Oracle Health Sciences’ Senior Director of Life Sciences Product Strategy, James Streeter, thinks that we are likely to see the use of Key Risk Indicators (KRIs) reduce over time, saying: “For now, what we are likely to see is companies adopting an approach which combines the use of Key Risk Indicators (KRIs) and Central Statistical Monitoring, to give them a broader picture of the potential risks within their clinical trials. As study teams begin to understand that Central Statistical Monitoring provides them with more access to real-world data, coupled with the increase in data being collected from emerging technology, the use of Key Risk Indicators (KRIs) will diminish.”

In terms of practical implementation, Adam Butler, Senior Vice President, Strategic Development & Corporate Marketing at Bracket Global urged sponsors to ensure they develop a strategy which addresses all of the potential risks that could arise when collecting data, and when doing this, utilize Risk-Based Monitoring and Central Statistical Monitoring as support tools. Jamie O’Keefe, Vice President, Life Sciences and R&D Practice at Paragon Solutions, thinks that we will see a divide between large and smaller companies, commenting: “It will be much more achievable for smaller organizations to integrate Central Statistical Monitoring and adopt this new approach across all of their trials. The challenge for big pharma companies will be changing existing complex infrastructure. Trying to drive this change through multi-million dollar, multi-year implementations, will be a huge task and have a significant impact on business.”

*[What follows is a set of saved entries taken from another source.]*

(* For every $n\in\mathbb{N}$, $\mathcal{SG}(\mathcal{P}_n)=\mathcal{SG}(\mathcal{O}_n)$, where $\mathcal{P}_n$ denotes Grim played on the path with $n$ vertices and $\mathcal{O}_n$ denotes the octal game Octal $.6$ played on a single heap of $n$ chips. That is, the Sprague–Grundy sequence of Grim on paths coincides with the Sprague–Grundy sequence of Octal $.6$.
   Context: Grim is a two-player game on a finite simple undirected graph: any isolated vertices are deleted before play begins (so $\mathcal{P}_1$ has no moves); a move consists of selecting a vertex of the current graph and deleting it together with its incident edges, after which every vertex that has become isolated is also deleted; the last player to move wins. Octal $.6$ is played on a collection of heaps of chips: a move consists of choosing a heap, removing exactly one chip from it, and leaving the remaining chips of that heap as exactly one or exactly two non-empty heaps (so a heap of size $1$ admits no move); the last player to move wins. For a position $X$ of an impartial game, with $\mathcal{F}(X)$ its set of positions reachable in one move, the Sprague–Grundy value is defined recursively by $\mathcal{SG}(X)=\mathrm{mex}\{\mathcal{SG}(Y):Y\in\mathcal{F}(X)\}$, where $\mathrm{mex}$ of a set of non-negative integers is the least non-negative integer not in the set. *)

theory Defs
  imports Main "HOL-Library.Multiset"
begin

definition mex :: "nat set \<Rightarrow> nat" where
  "mex S = (LEAST k. k \<notin> S)"

text \<open>An impartial game is given by its move relation R: (Y, X) \<in> R iff Y is
  reachable from X in one move (so F(X) = {Y. (Y,X) \<in> R}).\<close>
definition SG :: "('p \<times> 'p) set \<Rightarrow> 'p \<Rightarrow> nat" where
  "SG R = wfrec R (\<lambda>f x. mex (f ` {y. (y, x) \<in> R}))"

text \<open>A graph is a pair (V, E) of a vertex set and a set of edges, each edge being
  a two-element set of vertices.\<close>
type_synonym graph = "nat set \<times> nat set set"

definition del_isolated :: "graph \<Rightarrow> graph" where
  "del_isolated G = ({u \<in> fst G. \<exists>e \<in> snd G. u \<in> e}, snd G)"

definition del_vertex :: "nat \<Rightarrow> graph \<Rightarrow> graph" where
  "del_vertex v G = (fst G - {v}, {e \<in> snd G. v \<notin> e})"

definition grim_moves :: "graph \<Rightarrow> graph set" where
  "grim_moves G = {del_isolated (del_vertex v G) | v. v \<in> fst G}"

definition grim_rel :: "(graph \<times> graph) set" where
  "grim_rel = {(H, G). finite (fst G) \<and> H \<in> grim_moves G}"

definition path_graph :: "nat \<Rightarrow> graph" where
  "path_graph n = ({..<n}, {{i, Suc i} | i. Suc i < n})"

definition grim_path :: "nat \<Rightarrow> graph" where
  "grim_path n = del_isolated (path_graph n)"

text \<open>A position is a multiset of heap sizes.  A move removes one chip from a heap
  and leaves the rest as exactly one or exactly two non-empty heaps.\<close>
definition octal6_moves :: "nat multiset \<Rightarrow> nat multiset set" where
  "octal6_moves M =
     {M - {#h#} + {#a#} | h a. h \<in># M \<and> a \<ge> 1 \<and> a + 1 = h}
   \<union> {M - {#h#} + {#a, b#} | h a b. h \<in># M \<and> a \<ge> 1 \<and> b \<ge> 1 \<and> a + b + 1 = h}"

definition octal6_rel :: "(nat multiset \<times> nat multiset) set" where
  "octal6_rel = {(N, M). N \<in> octal6_moves M}"

definition octal_heap :: "nat \<Rightarrow> nat multiset" where
  "octal_heap n = (if n = 0 then {#} else {#n#})"

end

theory Submission
  imports Defs
begin

text \<open>Every Grim position reachable from a path is a disjoint union of paths, i.e. the subgraph
  of the infinite path 0 - 1 - 2 - \<dots> induced by a union of pairwise non-adjacent intervals
  ("segments").  Deleting a vertex of a segment of length l splits it into segments of lengths
  a and b with a + b + 1 = l, and the subsequent deletion of isolated vertices removes
  exactly the segments of length 1 -- just as an Octal .6 move replaces a heap l by heaps a, b,
  where heaps of size 0 and 1 admit no moves.  Hence matching segments of length \<ge> 2 with
  heaps of size \<ge> 2 is a bisimulation between the two move relations, and bisimilar positions
  have equal Sprague--Grundy values.\<close>

lemma SG_unfold:
  assumes "wf R"
  shows "SG R x = mex (SG R ` {y. (y, x) \<in> R})"
  unfolding SG_def by (subst wfrec[OF assms]) (simp add: cut_apply)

While Jamie thinks the adoption of Central Statistical Monitoring could be easier for smaller organizations, Angie Maurer thinks that budget will have an influence for smaller companies and would like to see providers develop a flexible platform that will allow even small start-up companies to afford this new technology.

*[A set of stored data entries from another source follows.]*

(* Fix $\alpha>0$, $\gamma>0$, $\Sigma_\epsilon>0$, $\omega_1\in[0,1)$, $\omega_2\in[0,1]$. Let $$T(x)=\left(\frac{\omega_2}{x^2}+\frac{(1-\omega_2)\alpha^2\gamma^2\Sigma_\epsilon}{(1+\gamma-x)^2}\right)^{-1/2},\qquad f_y(x)=\left(\frac{\omega_1}{x^2}+\frac{(1-\omega_1)\gamma^2\alpha^2\Sigma_\epsilon}{(1+\gamma-y)^2}\right)^{-1/2}.$$ Let $(\lambda_{2,t})_{t\in\mathbb Z}$ be a bi-infinite orbit of $T$ (i.e. $T(\lambda_{2,t})=\lambda_{2,t+1}$ for all $t\in\mathbb Z$) contained in a compact $T$-invariant interval $J\subset[1,1+\gamma)$. For $\lambda_{1,0},\lambda_{1,0}'\in[1,\infty)$ define $\lambda_{1,t+1}=f_{\lambda_{2,t}}(\lambda_{1,t})$ and $\lambda'_{1,t+1}=f_{\lambda_{2,t}}(\lambda'_{1,t})$ for $t\ge0$. Then $$\lim_{n\to\infty}|\lambda_{1,n}-\lambda'_{1,n}|=0.$$
   Context: This is the case $\pi_1=0$ of the two-bank leverage model: bank 2 (the large, forcing bank) evolves autonomously by the unimodal map $T$, and bank 1 (the small, forced bank) evolves by the skew product $\lambda_{1,t+1}=f_{\lambda_{2,t}}(\lambda_{1,t})$, $\lambda_{2,t+1}=T(\lambda_{2,t})$. The space of bi-infinite $T$-orbits is the natural (invertible) extension $\hat I$ of $T$. *)

theory Defs
  imports "HOL-Analysis.Analysis"
begin

definition Tmap :: "real \<Rightarrow> real \<Rightarrow> real \<Rightarrow> real \<Rightarrow> real \<Rightarrow> real" where
  "Tmap \<alpha> \<gamma> \<Sigma> \<omega>\<^sub>2 x =
     (\<omega>\<^sub>2 / x^2 + (1 - \<omega>\<^sub>2) * \<alpha>^2 * \<gamma>^2 * \<Sigma> / (1 + \<gamma> - x)^2) powr (-1/2)"

definition fmap :: "real \<Rightarrow> real \<Rightarrow> real \<Rightarrow> real \<Rightarrow> real \<Rightarrow> real \<Rightarrow> real" where
  "fmap \<alpha> \<gamma> \<Sigma> \<omega>\<^sub>1 y x =
     (\<omega>\<^sub>1 / x^2 + (1 - \<omega>\<^sub>1) * \<gamma>^2 * \<alpha>^2 * \<Sigma> / (1 + \<gamma> - y)^2) powr (-1/2)"

end

theory Submission imports Defs begin

text \<open>Writing \<open>v\<^sub>n = 1 / \<lambda>\<^sub>1\<^sub>,\<^sub>n\<^sup>2\<close>, the fibre dynamics becomes affine,
  \<open>v\<^sub>n\<^sub>+\<^sub>1 = \<omega>\<^sub>1 v\<^sub>n + c\<^sub>n\<close>, where \<open>c\<^sub>n\<close> depends only on the forcing orbit. Two orbits driven by
  the same forcing therefore satisfy \<open>v\<^sub>n - v'\<^sub>n = \<omega>\<^sub>1\<^sup>n (v\<^sub>0 - v'\<^sub>0) \<longrightarrow> 0\<close>. Since
  \<open>\<lambda>\<^sub>2 \<ge> 1\<close> keeps \<open>c\<^sub>n\<close> uniformly away from 0, the map \<open>v \<mapsto> v\<^sup>-\<^sup>1\<^sup>/\<^sup>2\<close> is Lipschitz on
  the relevant range, and the convergence transfers to \<open>\<lambda>\<^sub>1\<close>.\<close>

lemma inverse_sqrt_lipschitz:
  fixes c p q :: real
  assumes "0 < c" "c \<le> p" "c \<le> q"
  shows "\<bar>1 / sqrt p - 1 / sqrt q\<bar> \<le> \<bar>p - q\<bar> / (2 * c * sqrt c)"
proof -
  define D where "D = sqrt p * sqrt q * (sqrt p + sqrt q)"
  have sqrt_ge: "sqrt c \<le> sqrt p" "sqrt c \<le> sqrt q" and "0 < sqrt c"
    using assms by auto
  have "q - p = (sqrt q - sqrt p) * (sqrt p + sqrt q)"
    using assms by (simp add: algebra_simps)
  moreover have "0 < sqrt p + sqrt q"
    using sqrt_ge \<open>0 < sqrt c\<close> by linarith
  ultimately have "(q - p) / D = (sqrt q - sqrt p) / (sqrt p * sqrt q)"
    by (simp add: D_def)
  also have "\<dots> = 1 / sqrt p - 1 / sqrt q"
    using sqrt_ge \<open>0 < sqrt c\<close> by (simp add: field_simps)
  finally have "\<bar>1 / sqrt p - 1 / sqrt q\<bar> = \<bar>p - q\<bar> / \<bar>D\<bar>"
    by (metis abs_divide abs_minus_commute)
  moreover have "c * (2 * sqrt c) \<le> D"
    unfolding D_def
  proof (rule mult_mono)
    show "c \<le> sqrt p * sqrt q"
      using mult_mono[OF sqrt_ge] assms by simp
    show "2 * sqrt c \<le> sqrt p + sqrt q"
      using sqrt_ge by linarith
  qed (use assms in auto)
  moreover have "0 < c * (2 * sqrt c)"
    using assms by simp
  ultimately show ?thesis
    by (simp add: divide_left_mono mult.assoc)
qed

lemma affine_recurrence_diff:
  fixes v v' b :: "nat \<Rightarrow> 'a::comm_ring_1"
  assumes "\<And>n. v (Suc n) = w * v n + b n" and "\<And>n. v' (Suc n) = w * v' n + b n"
  shows "v n - v' n = w ^ n * (v 0 - v' 0)"
proof -
  have "v (Suc n) - v' (Suc n) = w * (v n - v' n)" for n
    by (simp add: assms algebra_simps)
  then show ?thesis
    by (induction n) simp_all
qed

lemma inverse_sqrt_recurrence_synchronizes:
  fixes w c\<^sub>0 :: real and c x x' :: "nat \<Rightarrow> real"
  assumes "0 \<le> w" "w < 1" "0 < c\<^sub>0" "\<And>n. c\<^sub>0 \<le> c n"
    and x_Suc: "\<And>n. x (Suc n) = (w / (x n)\<^sup>2 + c n) powr (-1/2)"
    and x'_Suc: "\<And>n. x' (Suc n) = (w / (x' n)\<^sup>2 + c n) powr (-1/2)"
  shows "(\<lambda>n. \<bar>x n - x' n\<bar>) \<longlonglongrightarrow> 0"
proof -
  define v where "v n = w / (x n)\<^sup>2 + c n" for n
  define v' where "v' n = w / (x' n)\<^sup>2 + c n" for n
  define d where "d = v 0 - v' 0"
  have v_ge: "c\<^sub>0 \<le> v n" "c\<^sub>0 \<le> v' n" for n
    using assms(1) assms(4)[of n] unfolding v_def v'_def by (simp_all add: add_increasing)
  have v_pos: "0 < v n" "0 < v' n" for n
    using v_ge[of n] assms(3) by linarith+
  have x_eq: "x (Suc n) = 1 / sqrt (v n)" and x'_eq: "x' (Suc n) = 1 / sqrt (v' n)" for n
    using x_Suc[of n, folded v_def] x'_Suc[of n, folded v'_def] v_pos[of n]
    by (simp_all add: powr_minus_divide powr_half_sqrt)
  have "(x (Suc n))\<^sup>2 = 1 / v n" "(x' (Suc n))\<^sup>2 = 1 / v' n" for n
    using v_pos[of n] by (simp_all add: x_eq x'_eq power_divide)
  then have "v (Suc n) = w * v n + c (Suc n)" "v' (Suc n) = w * v' n + c (Suc n)" for n
    by (simp_all add: v_def v'_def)
  then have v_diff: "v n - v' n = w ^ n * d" for n
    unfolding d_def by (rule affine_recurrence_diff)
  have "(\<lambda>n. w ^ n * d) \<longlonglongrightarrow> 0"
    using LIMSEQ_power_zero[of w] assms(1,2) by (simp add: tendsto_mult_left_zero)
  then have v_lim: "(\<lambda>n. \<bar>v n - v' n\<bar> / (2 * c\<^sub>0 * sqrt c\<^sub>0)) \<longlonglongrightarrow> 0"
    unfolding v_diff by (rule tendsto_divide_zero[OF tendsto_rabs_zero])
  have x_bound: "\<bar>x (Suc n) - x' (Suc n)\<bar> \<le> \<bar>v n - v' n\<bar> / (2 * c\<^sub>0 * sqrt c\<^sub>0)" for n
    unfolding x_eq x'_eq using assms(3) v_ge by (rule inverse_sqrt_lipschitz)
  have "(\<lambda>n. \<bar>x (Suc n) - x' (Suc n)\<bar>) \<longlonglongrightarrow> 0"
    by (rule Lim_null_comparison[OF _ v_lim]) (simp add: x_bound)
  then show ?thesis
    by (rule LIMSEQ_imp_Suc)
qed

theorem mainTheorem2:
  fixes \<alpha> \<gamma> \<Sigma> \<omega>\<^sub>1 \<omega>\<^sub>2 a b :: real
    and lam2 :: "int \<Rightarrow> real"
    and lam1 lam1' :: "nat \<Rightarrow> real"
  assumes "\<alpha> > 0" and "\<gamma> > 0" and "\<Sigma> > 0"
    and "0 \<le> \<omega>\<^sub>1" and "\<omega>\<^sub>1 < 1"
    and "0 \<le> \<omega>\<^sub>2" and "\<omega>\<^sub>2 \<le> 1"
    and "a \<le> b" and "{a..b} \<subseteq> {1..<1 + \<gamma>}"
    and "Tmap \<alpha> \<gamma> \<Sigma> \<omega>\<^sub>2 ` {a..b} \<subseteq> {a..b}"
    and "\<And>t. lam2 t \<in> {a..b}"
    and "\<And>t. Tmap \<alpha> \<gamma> \<Sigma> \<omega>\<^sub>2 (lam2 t) = lam2 (t + 1)"
    and "lam1 0 \<ge> 1" and "lam1' 0 \<ge> 1"
    and "\<And>t. lam1 (Suc t) = fmap \<alpha> \<gamma> \<Sigma> \<omega>\<^sub>1 (lam2 (int t)) (lam1 t)"
    and "\<And>t. lam1' (Suc t) = fmap \<alpha> \<gamma> \<Sigma> \<omega>\<^sub>1 (lam2 (int t)) (lam1' t)"
  shows "(\<lambda>n. \<bar>lam1 n - lam1' n\<bar>) \<longlonglongrightarrow> 0"
proof -
  define K where "K = (1 - \<omega>\<^sub>1) * \<gamma>\<^sup>2 * \<alpha>\<^sup>2 * \<Sigma>"
  define c where "c t = K / (1 + \<gamma> - lam2 (int t))\<^sup>2" for t
  have "0 < K"
    using assms(1-3,5) by (simp add: K_def)
  have "K / \<gamma>\<^sup>2 \<le> c t" for t
  proof -
    have "1 \<le> lam2 (int t)" "lam2 (int t) < 1 + \<gamma>"
      using assms(9) assms(11)[of "int t"] by auto
    then show ?thesis
      using \<open>0 < K\<close> by (auto simp: c_def intro!: divide_left_mono power_mono)
  qed
  moreover have "0 < K / \<gamma>\<^sup>2"
    using \<open>0 < K\<close> assms(2) by simp
  ultimately show ?thesis
    using assms(4,5,15,16)
    by (intro inverse_sqrt_recurrence_synchronizes[where c = c])
      (simp_all add: fmap_def c_def K_def)
qed

end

Finally, Steve Young raised an interesting question about who within an organization should take responsibility for the management of Central Statitstical Monitoring. In Steve’s opinion, while data managers are not statisticians, they have the data analytics skills, so will be best equipped to work with the monitoring team to translate data into an appropriate remediation action.

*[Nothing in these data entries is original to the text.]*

lemma pair_choice_mod:
  fixes m :: nat
  assumes "\<phi> \<in> PiE u (\<lambda>i. {i, i + m})" "u \<subseteq> {..<m}" "i \<in> u"
  shows "\<phi> i mod m = i"
proof -
  have "\<phi> i \<in> {i, i + m}" "i < m" using assms by (auto simp: PiE_def Pi_def)
  then show ?thesis by auto
qed

lemma inj_on_image_pair_choice:
  fixes m :: nat
  assumes "u \<subseteq> {..<m}"
  shows "inj_on (\<lambda>\<phi>. \<phi> ` u) (PiE u (\<lambda>i. {i, i + m}))"
proof (rule inj_onI)
  fix \<phi> \<psi> assume \<phi>: "\<phi> \<in> PiE u (\<lambda>i. {i, i + m})" and \<psi>: "\<psi> \<in> PiE u (\<lambda>i. {i, i + m})"
    and eq: "\<phi> ` u = \<psi> ` u"
  show "\<phi> = \<psi>"
  proof (rule PiE_ext [OF \<phi> \<psi>])
    fix i assume "i \<in> u"
    then obtain k where "k \<in> u" "\<phi> i = \<psi> k" using eq by blast
    with \<open>i \<in> u\<close> show "\<phi> i = \<psi> i"
      using pair_choice_mod [OF \<phi> assms] pair_choice_mod [OF \<psi> assms] by metis
  qed
qed

lemma pair_expansion_mod:
  assumes "v \<in> pair_expansion m u" "u \<subseteq> {..<m}"
  shows "(\<lambda>j. j mod m) ` v = u"
proof -
  obtain \<phi> where \<phi>: "\<phi> \<in> PiE u (\<lambda>i. {i, i + m})" and v: "v = \<phi> ` u"
    using assms(1) by (auto simp: pair_expansion_def)
  have "(\<lambda>j. j mod m) ` v = (\<lambda>i. \<phi> i mod m) ` u" by (simp add: v image_image)
  also have "\<dots> = u" using pair_choice_mod [OF \<phi> assms(2)] by simp
  finally show ?thesis .
qed

lemma pair_expansion_subset:
  assumes "v \<in> pair_expansion m u" "u \<subseteq> {..<m}"
  shows "v \<subseteq> {..<2 * m}"
proof
  fix j assume "j \<in> v"
  then obtain \<phi> i where "\<phi> \<in> PiE u (\<lambda>i. {i, i + m})" "i \<in> u" "j = \<phi> i"
    using assms(1) by (auto simp: pair_expansion_def)
  then have "j \<in> {i, i + m}" "i < m" using assms(2) by (auto simp: PiE_def Pi_def)
  then show "j \<in> {..<2 * m}" by auto
qed

lemma card_pair_expansion:
  assumes "v \<in> pair_expansion m u" "u \<subseteq> {..<m}"
  shows "card v = card u"
proof -
  obtain \<phi> where \<phi>: "\<phi> \<in> PiE u (\<lambda>i. {i, i + m})" and v: "v = \<phi> ` u"
    using assms(1) by (auto simp: pair_expansion_def)
  have "inj_on \<phi> u"
    by (rule inj_onI) (metis pair_choice_mod [OF \<phi> assms(2)])
  then show ?thesis by (simp add: v card_image)
qed

lemma self_in_pair_expansion: "u \<in> pair_expansion m u"
  unfolding pair_expansion_def by (rule image_eqI [of _ _ "restrict id u"]) auto

lemma odd_card_filter_pair:
  assumes "a \<noteq> b"
  shows "odd (card {j \<in> {a, b}. P j}) \<longleftrightarrow> P a \<noteq> P b"
proof -
  have "{j \<in> {a, b}. P j} = (if P a then {a} else {}) \<union> (if P b then {b} else {})"
    by auto
  then show ?thesis using assms by simp
qed

lemma anf_eval_pair_expansion:
  assumes "u \<subseteq> {..<m}"
  shows "anf_eval (2 * m) (\<lambda>v. v \<in> pair_expansion m u) x \<longleftrightarrow> (\<forall>i\<in>u. x i \<noteq> x (i + m))"
proof -
  let ?B = "\<lambda>i. {j \<in> {i, i + m}. x j}"
  have "finite u" using assms finite_subset by blast
  have sub: "PiE u ?B \<subseteq> PiE u (\<lambda>i. {i, i + m})" by (auto simp: PiE_def Pi_def)
  have "{v. v \<subseteq> {..<2 * m} \<and> v \<in> pair_expansion m u \<and> (\<forall>j\<in>v. x j)} = (\<lambda>\<phi>. \<phi> ` u) ` PiE u ?B"
    using pair_expansion_subset [OF _ assms] sub
    by (auto simp: pair_expansion_def PiE_def Pi_def)
  moreover have "card ((\<lambda>\<phi>. \<phi> ` u) ` PiE u ?B) = card (PiE u ?B)"
    by (rule card_image, rule inj_on_subset [OF inj_on_image_pair_choice [OF assms] sub])
  moreover have "card (PiE u ?B) = (\<Prod>i\<in>u. card (?B i))"
    using \<open>finite u\<close> by (rule card_PiE)
  moreover have "odd (card (?B i)) \<longleftrightarrow> x i \<noteq> x (i + m)" if "i \<in> u" for i
    using that assms by (intro odd_card_filter_pair) auto
  ultimately show ?thesis
    unfolding anf_eval_def using \<open>finite u\<close> by (simp add: even_prod_iff)
qed

definition mm_anf :: "nat \<Rightarrow> (nat set \<Rightarrow> bool) \<Rightarrow> nat set \<Rightarrow> bool" where
  "mm_anf m c v \<longleftrightarrow> (\<exists>i\<in>{..<m}. v = {i, i + m}) \<noteq> (\<exists>u\<in>{u. c u}. v \<in> pair_expansion m u)"

lemma anf_eval_mm_anf:
  assumes "is_anf m c"
  shows "anf_eval (2 * m) (mm_anf m c) x \<longleftrightarrow> mm_fun m (anf_eval m c) x"
proof -
  have sub: "u \<subseteq> {..<m}" if "c u" for u using assms that by (auto simp: is_anf_def)
  have fin: "finite {u. c u}" by (rule finite_subset [of _ "Pow {..<m}"]) (use sub in auto)
  have "anf_eval (2 * m) (\<lambda>v. \<exists>i\<in>{..<m}. v = {i, i + m}) x
      \<longleftrightarrow> odd (card {i \<in> {..<m}. anf_eval (2 * m) (\<lambda>v. v = {i, i + m}) x})"
    by (rule anf_eval_disjoint_Union) auto
  also have "{i \<in> {..<m}. anf_eval (2 * m) (\<lambda>v. v = {i, i + m}) x} = {i. i < m \<and> x i \<and> x (i + m)}"
    by (auto simp: anf_eval_monomial)
  also have "odd (card \<dots>) \<longleftrightarrow> half_inner m x"
    by (simp add: half_inner_def parity_def)
  finally have quadratic: "anf_eval (2 * m) (\<lambda>v. \<exists>i\<in>{..<m}. v = {i, i + m}) x \<longleftrightarrow> half_inner m x" .
  have "anf_eval (2 * m) (\<lambda>v. \<exists>u\<in>{u. c u}. v \<in> pair_expansion m u) x
      \<longleftrightarrow> odd (card {u \<in> {u. c u}. anf_eval (2 * m) (\<lambda>v. v \<in> pair_expansion m u) x})"
    using fin by (rule anf_eval_disjoint_Union) (metis mem_Collect_eq pair_expansion_mod sub)
  also have "{u \<in> {u. c u}. anf_eval (2 * m) (\<lambda>v. v \<in> pair_expansion m u) x}
      = {u. u \<subseteq> {..<m} \<and> c u \<and> (\<forall>i\<in>u. half_sum m x i)}"
    using sub by (auto simp: anf_eval_pair_expansion half_sum_def)
  finally have "anf_eval (2 * m) (\<lambda>v. \<exists>u\<in>{u. c u}. v \<in> pair_expansion m u) x
      \<longleftrightarrow> anf_eval m c (half_sum m x)"
    by (simp add: anf_eval_def)
  with quadratic show ?thesis
    unfolding mm_anf_def anf_eval_xor mm_fun_def by simp
qed

lemma is_anf_mm_anf:
  assumes "is_anf m c"
  shows "is_anf (2 * m) (mm_anf m c)"
  unfolding is_anf_def
proof (intro allI impI)
  fix v assume "mm_anf m c v"
  then have "(\<exists>i<m. v = {i, i + m}) \<or> (\<exists>u. c u \<and> v \<in> pair_expansion m u)"
    by (auto simp: mm_anf_def)
  then show "v \<subseteq> {..<2 * m}"
  proof
    assume "\<exists>u. c u \<and> v \<in> pair_expansion m u"
    then obtain u where "c u" "v \<in> pair_expansion m u" by blast
    with assms show ?thesis by (intro pair_expansion_subset) (auto simp: is_anf_def)
  qed auto
qed

lemma anf_of_mm_fun:
  assumes "is_anf m c"
  shows "anf_of (2 * m) (mm_fun m (anf_eval m c)) = mm_anf m c"
  using is_anf_mm_anf [OF assms] anf_eval_mm_anf [OF assms] by (rule anf_of_eqI)

lemma anf_degree_mm_anf:
  assumes "m \<ge> 1" "is_anf m c"
  shows "anf_degree (mm_anf m c) = max 2 (anf_degree c)"
proof -
  have sub: "u \<subseteq> {..<m}" if "c u" for u using assms(2) that by (auto simp: is_anf_def)
  define A where "A = card ` {u. c u}"
  let ?Q = "{v. \<exists>i\<in>{..<m}. v = {i, i + m}}" and ?G = "{v. \<exists>u\<in>{u. c u}. v \<in> pair_expansion m u}"
  have "\<not> (v \<in> ?Q \<and> v \<in> ?G)" for v
  proof
    assume "v \<in> ?Q \<and> v \<in> ?G"
    then obtain i u where i: "i < m" "v = {i, i + m}" and u: "c u" "v \<in> pair_expansion m u"
      by auto
    then have "u = {i}" using pair_expansion_mod [OF u(2) sub [OF u(1)]] by simp
    then show False using card_pair_expansion [OF u(2) sub [OF u(1)]] i assms(1) by simp
  qed
  then have support: "{v. mm_anf m c v} = ?Q \<union> ?G" by (auto simp: mm_anf_def)
  have card_Q: "card ` ?Q = {2}"
  proof -
    have "?Q = (\<lambda>i. {i, i + m}) ` {..<m}" by auto
    also have "card ` \<dots> = (\<lambda>i. 2) ` {..<m}"
      using assms(1) by (simp add: image_image numeral_2_eq_2)
    finally show ?thesis using assms(1) by (simp add: image_constant_conv lessThan_empty_iff)
  qed
  have card_G: "card ` ?G = A"
    unfolding A_def
  proof (intro equalityI image_subsetI)
    fix v assume "v \<in> ?G"
    then obtain u where "c u" "v \<in> pair_expansion m u" by auto
    then have "card v = card u" using sub by (intro card_pair_expansion)
    with \<open>c u\<close> show "card v \<in> card ` {u. c u}" by blast
  next
    fix u assume "u \<in> {u. c u}"
    then have "u \<in> ?G" using self_in_pair_expansion by blast
    then show "card u \<in> card ` ?G" by blast
  qed
  have "finite A"
    unfolding A_def by (rule finite_imageI, rule finite_subset [of _ "Pow {..<m}"]) (use sub in auto)
  have "anf_degree (mm_anf m c) = Max (insert 0 ({2} \<union> A))"
    unfolding anf_degree_def by (simp only: support image_Un card_Q card_G)
  also have "\<dots> = Max (insert 2 (insert 0 A))"
    by (simp add: insert_commute)
  also have "\<dots> = max 2 (Max (insert 0 A))"
    using \<open>finite A\<close> by (intro Max_insert) auto
  finally show ?thesis by (simp add: anf_degree_def A_def)
qed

In our own experience to date, it is evident that Central Statistical Monitoring is just as applicable for small Pharma as it is for Large Pharma and CROs. The ‘light checks’ offered by Key Risk indicators (KRI) functionality certainly provide companies with an operational tool to regularly check data and drive reduced monitoring activities. However, most of the companies that CluePoints works with have identified that they also want to also use an independent and objective approach to comprehensively interrogate the data. Using the KRI approach only focuses on 15-20 largely operational variables, whereas CSM leaves no stone unturned in comprehensively analyzing all the clinical data within a study. The result is as rigorous and scientifically validated health check of the study and identification of anomalies within the data that can be examined and course-corrected to ensure patient safety and improved accuracy and integrity. The regulators also favor this approach and the revised ICH E6 guideline document also helps sponsors and CROs alike to determine how Central Monitoring should be best approached. The gold medal position is for sponsors to harness the power of  both KRIs and Central Statistical Monitoring to ensure improvement and integrity of the data throughout their studies and reduced risk when it comes to submission.